Honestly, I feel better having made that edit....  We've got a long weekend ahead of us - let's not dwell...

I mentioned a weird undercurrent to my news earlier, remember? I wrote it before I got into that AMC thing. Well, Netflix is kind of underselling their news too. They close their blog post by saying that the acquired more BET content, and give one example. They got new episodes of shows from Comedy Central, but only point out The Sarah Silverman show.

They entry actually ends with the words "and all kinds of fun TV from VH1, Logo and Spike." I don't know how corporate entities define "all kinds of fun," or how VH1, Spike, and Logo define it. I'm just stunned Netflix staff wouldn't bother.

Those are three cable channels, and they have a lot of shows. VH1 catered to "older music tastes," gradually joining its sister channel in not playing tunes. Spike promotes itself as the "man's channel," so it looks dumb and gritty while also either working out and/or drinking too much beer. Logo has shows meant to appeal to the Gay, Lesbian, Bisexual, Transsexual ("GLBT," in case you've been under a rock) communities.

Doesn't it seem kinda of bass-ackward to not promote the new acquisitions? Are they lazy, or are they... Are they trying to keep a hush on having GLBT stuff on Netflix? Lump it in with two other channels to make that one omission more subtle?

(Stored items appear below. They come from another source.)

(* Let $F,G$ be planar forests, and let $S(F,G)$ be the set of bijections $\sigma:\mathrm{Vert}(F)\to\mathrm{Vert}(G)$ such that for all vertices $x,y$ of $F$: (1) if $y\geq_{high}x$ then $\sigma(x)\geq_{left}\sigma(y)$; (2) if $y\geq_{left}x$ then $\sigma(x)\geq_{h,l}\sigma(y)$; (3) if $\sigma(y)\geq_{high}\sigma(x)$ then $x\geq_{left}y$; (4) if $\sigma(y)\geq_{left}\sigma(x)$ then $x\geq_{h,l}y$. Then $\langle F,G\rangle=\mathrm{card}(S(F,G))$.
   Context: Let $K$ be a field. Planar rooted trees have their children linearly ordered left to right; a planar forest is a finite, possibly empty, sequence $t_1\cdots t_n$ of planar rooted trees ($1$ = empty forest); $\mathrm{Vert}(F)$ is the vertex set of $F$. $\mathcal{H}$ is the free associative unital $K$-algebra on planar rooted trees, with basis the planar forests and product concatenation. $B^+(F)$ is the tree obtained by grafting the trees of $F$ (in order) on a new common root. $\varepsilon(F)=\delta_{F,1}$. $\Delta$ is the unique linear map with $\Delta(1)=1\otimes1$, $\Delta(xy)=(x\otimes1)\Delta(y)+\Delta(x)(1\otimes y)-x\otimes y$, $\Delta(B^+(x))=B^+(x)\otimes 1+(\mathrm{Id}\otimes B^+)\Delta(x)$. $\gamma$ is linear with $\gamma(t_1\cdots t_n)=\delta_{t_1,\bullet}t_2\cdots t_n$ ($\bullet$ the one-vertex tree), $\gamma(1)=0$. $\langle-,-\rangle$ is the unique bilinear form on $\mathcal{H}$ with $\langle1,x\rangle=\varepsilon(x)$, $\langle xy,z\rangle=\langle y\otimes x,\Delta(z)\rangle$ (with $\langle a\otimes b,c\otimes d\rangle=\langle a,c\rangle\langle b,d\rangle$) and $\langle B^+(x),y\rangle=\langle x,\gamma(y)\rangle$. Orders on vertices of a forest $t_1\cdots t_n$: $s\geq_{high}s'$ iff $s'=s$ or $s'$ is an ancestor of $s$; for $\geq_{high}$-incomparable $s,s'$, $s\geq_{left}s'$ iff $s\in t_i,s'\in t_j$ with $i<j$, or both lie in $t_i$ and $s\geq_{left}s'$ in the forest obtained from $t_i$ by deleting its root (recursively); $s\geq_{h,l}s'$ iff $s\geq_{high}s'$ or $s\geq_{left}s'$ (a total order). *)

theory Defs
  imports "HOL-Library.Poly_Mapping" "HOL-Library.FuncSet" "HOL-Library.Sublist"
begin

text \<open>A planar rooted tree is a root together with the (left-to-right ordered) list of
  its subtrees; a planar forest is a (possibly empty) list of planar trees.\<close>

datatype ptree = Node "ptree list"

type_synonym pforest = "ptree list"

abbreviation dot :: ptree where "dot \<equiv> Node []"

definition Bplus :: "pforest \<Rightarrow> pforest" where
  "Bplus F = [Node F]"

text \<open>An element of H is a finitely supported K-linear combination of planar forests;
  an element of H (x) H is a finitely supported linear combination of pairs of forests
  (basis F (x) G).  The product of H is concatenation of forests.\<close>

type_synonym 'k hopf = "pforest \<Rightarrow>\<^sub>0 'k"
type_synonym 'k hopf2 = "(pforest \<times> pforest) \<Rightarrow>\<^sub>0 'k"

definition tens :: "pforest \<Rightarrow> pforest \<Rightarrow> 'k::field hopf2" where
  "tens F G = Poly_Mapping.single (F, G) 1"

text \<open>(x (x) 1) * T for a basis forest x\<close>
definition lmul :: "pforest \<Rightarrow> 'k::field hopf2 \<Rightarrow> 'k hopf2" where
  "lmul x T = (\<Sum>k\<in>Poly_Mapping.keys T. Poly_Mapping.single (x @ fst k, snd k) (Poly_Mapping.lookup T k))"

text \<open>T * (1 (x) y) for a basis forest y\<close>
definition rmul :: "'k::field hopf2 \<Rightarrow> pforest \<Rightarrow> 'k hopf2" where
  "rmul T y = (\<Sum>k\<in>Poly_Mapping.keys T. Poly_Mapping.single (fst k, snd k @ y) (Poly_Mapping.lookup T k))"

text \<open>(Id (x) B+) T\<close>
definition id_Bplus :: "'k::field hopf2 \<Rightarrow> 'k hopf2" where
  "id_Bplus T = (\<Sum>k\<in>Poly_Mapping.keys T. Poly_Mapping.single (fst k, Bplus (snd k)) (Poly_Mapping.lookup T k))"

definition eps :: "pforest \<Rightarrow> 'k::field" where
  "eps F = (if F = [] then 1 else 0)"

text \<open>The coproduct is the unique linear map with the three stated properties. A linear
  map is determined by its values on the basis of forests, and the product of two basis
  forests is again a basis forest, so the properties (for all x, y in H) amount to the
  following properties of the values on basis forests.\<close>

definition is_coproduct :: "(pforest \<Rightarrow> 'k::field hopf2) \<Rightarrow> bool" where
  "is_coproduct D \<longleftrightarrow>
     D [] = tens [] [] \<and>
     (\<forall>x y. D (x @ y) = lmul x (D y) + rmul (D x) y - tens x y) \<and>
     (\<forall>x. D (Bplus x) = tens (Bplus x) [] + id_Bplus (D x))"

definition Delta :: "pforest \<Rightarrow> 'k::field hopf2" where
  "Delta = (THE D. is_coproduct D)"

definition gamma :: "pforest \<Rightarrow> 'k::field hopf" where
  "gamma F = (case F of (t # G) \<Rightarrow> (if t = dot then Poly_Mapping.single G 1 else 0)
                       | [] \<Rightarrow> 0)"

text \<open>A bilinear form on H is determined by its values p F G on pairs of basis forests;
  its bilinear extension is the following.\<close>

definition pair_ext :: "(pforest \<Rightarrow> pforest \<Rightarrow> 'k::field) \<Rightarrow> 'k hopf \<Rightarrow> 'k hopf \<Rightarrow> 'k" where
  "pair_ext p a b = (\<Sum>F\<in>Poly_Mapping.keys a. \<Sum>G\<in>Poly_Mapping.keys b. Poly_Mapping.lookup a F * Poly_Mapping.lookup b G * p F G)"

text \<open>pairing of H (x) H with H (x) H: <a (x) b, c (x) d> = <a,c><b,d>, for a (x) b = y (x) x
  with y, x basis forests.\<close>
definition pair_tens :: "(pforest \<Rightarrow> pforest \<Rightarrow> 'k::field) \<Rightarrow> pforest \<Rightarrow> pforest \<Rightarrow> 'k hopf2 \<Rightarrow> 'k" where
  "pair_tens p a b T = (\<Sum>k\<in>Poly_Mapping.keys T. Poly_Mapping.lookup T k * p a (fst k) * p b (snd k))"

text \<open>The defining properties of the pairing, for all x, y, z in H; by bilinearity it
  suffices (and is necessary) to require them on basis forests.\<close>
definition is_pairing :: "(pforest \<Rightarrow> pforest \<Rightarrow> 'k::field) \<Rightarrow> bool" where
  "is_pairing p \<longleftrightarrow>
     (\<forall>z. p [] z = eps z) \<and>
     (\<forall>x y z. p (x @ y) z = pair_tens p y x (Delta z)) \<and>
     (\<forall>x y. p (Bplus x) y = pair_ext p (Poly_Mapping.single x 1) (gamma y))"

definition pairing :: "pforest \<Rightarrow> pforest \<Rightarrow> 'k::field" where
  "pairing = (THE p. is_pairing p)"

text \<open>A vertex of a forest t1...tn is encoded by its address: the nonempty list
  [i, c1, ..., cm] meaning: tree t_(i+1), then child number c1 of its root, etc.
  (0-based indices).\<close>

fun tree_verts :: "ptree \<Rightarrow> nat list set"
and forest_verts_from :: "nat \<Rightarrow> pforest \<Rightarrow> nat list set" where
  "tree_verts (Node ts) = insert [] (forest_verts_from 0 ts)"
| "forest_verts_from n [] = {}"
| "forest_verts_from n (t # ts) = (Cons n ` tree_verts t) \<union> forest_verts_from (Suc n) ts"

definition Vert :: "pforest \<Rightarrow> nat list set" where
  "Vert F = forest_verts_from 0 F"

text \<open>s >=_high s' iff s' = s or s' is an ancestor of s, i.e. the address of s' is a
  prefix of the address of s.\<close>
definition geq_high :: "nat list \<Rightarrow> nat list \<Rightarrow> bool" where
  "geq_high s s' \<longleftrightarrow> prefix s' s"

text \<open>The recursive left-to-right comparison: s in t_i, s' in t_j with i < j, or both in
  the same tree and recursively in the forest obtained by deleting its root.\<close>
fun left_rec :: "nat list \<Rightarrow> nat list \<Rightarrow> bool" where
  "left_rec (i # p) (j # q) = (i < j \<or> (i = j \<and> left_rec p q))"
| "left_rec _ _ = False"

definition geq_left :: "nat list \<Rightarrow> nat list \<Rightarrow> bool" where
  "geq_left s s' \<longleftrightarrow> \<not> geq_high s s' \<and> \<not> geq_high s' s \<and> left_rec s s'"

definition geq_hl :: "nat list \<Rightarrow> nat list \<Rightarrow> bool" where
  "geq_hl s s' \<longleftrightarrow> geq_high s s' \<or> geq_left s s'"

text \<open>The four conditions are imposed for distinct vertices x, y (for x = y condition (1)
  would demand sigma(x) >=_left sigma(x), which never holds, making S(F,G) empty; the
  orders are meant strictly).\<close>

definition Sbij :: "pforest \<Rightarrow> pforest \<Rightarrow> (nat list \<Rightarrow> nat list) set" where
  "Sbij F G = {\<sigma>. \<sigma> \<in> extensional (Vert F) \<and> bij_betw \<sigma> (Vert F) (Vert G) \<and>
     (\<forall>x\<in>Vert F. \<forall>y\<in>Vert F. x \<noteq> y \<longrightarrow>
        (geq_high y x \<longrightarrow> geq_left (\<sigma> x) (\<sigma> y)) \<and>
        (geq_left y x \<longrightarrow> geq_hl (\<sigma> x) (\<sigma> y)) \<and>
        (geq_high (\<sigma> y) (\<sigma> x) \<longrightarrow> geq_left x y) \<and>
        (geq_left (\<sigma> y) (\<sigma> x) \<longrightarrow> geq_hl x y))}"

end

theory Submission
  imports Defs
begin

text \<open>The pairing is determined by its three defining identities (by induction on the size of
  its left argument), so it suffices to show that \<open>F, G \<mapsto> card S(F,G)\<close> satisfies them.
  The coproduct of a forest \<open>z\<close> is \<open>\<Sum>\<^sub>k top\<^sub>k(z) \<otimes> bot\<^sub>k(z)\<close>, where \<open>top\<^sub>k(z)\<close> consists
  of the \<open>k\<close> greatest vertices of \<open>z\<close> for \<open>\<ge>\<^sub>h\<^sub>,\<^sub>l\<close>.  In a product \<open>xy\<close> every vertex of \<open>y\<close>
  lies to the right of every vertex of \<open>x\<close>; the four conditions force an element of
  \<open>S(xy,z)\<close> to map the vertices of \<open>y\<close> onto the greatest vertices of \<open>z\<close>, while all
  pairs across the two blocks satisfy the conditions automatically.  Hence
  \<open>S(xy,z) \<cong> S(y,top\<^sub>k(z)) \<times> S(x,bot\<^sub>k(z))\<close> for \<open>k\<close> the number of vertices of \<open>y\<close>, and all
  other terms of the coproduct vanish for cardinality reasons.  In \<open>B\<^sup>+(x)\<close> the root is
  an ancestor of every vertex, so by (1) its image lies to the left of all other vertices:
  it is the root of the first tree of \<open>G\<close>, which therefore has no other vertex, and
  removing both roots identifies \<open>S(B\<^sup>+(x), \<bullet>G')\<close> with \<open>S(x,G')\<close>.\<close>

definition pushforward :: "('a \<Rightarrow> 'b) \<Rightarrow> ('a \<Rightarrow>\<^sub>0 'k::field) \<Rightarrow> ('b \<Rightarrow>\<^sub>0 'k)" where
  "pushforward f T = (\<Sum>k\<in>Poly_Mapping.keys T. Poly_Mapping.single (f k) (Poly_Mapping.lookup T k))"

I'm not entirely sure, and I'm even less sure I should think about it much... Still, Netflix has enough cash to hire people to do a more thorough of job of promotion.

Remember when I was providing regular updates on which Netflix shows had been converted so that every season appeared on to one page? This time, Netflix dropped the ball worse than that. If any of you have an idea as to why they'd soft-ball their own ad for themselves, feel free to chime in.

Then again, AMC is apparently soft-balling a movie event that should generate a lot of cash - and it looks like they're doing it because it's not an exclusive engagement...

I'll wish you all a happy holiday now. I do have a post coming up either later today or this weekend, but I'm not sure when I'll put it up.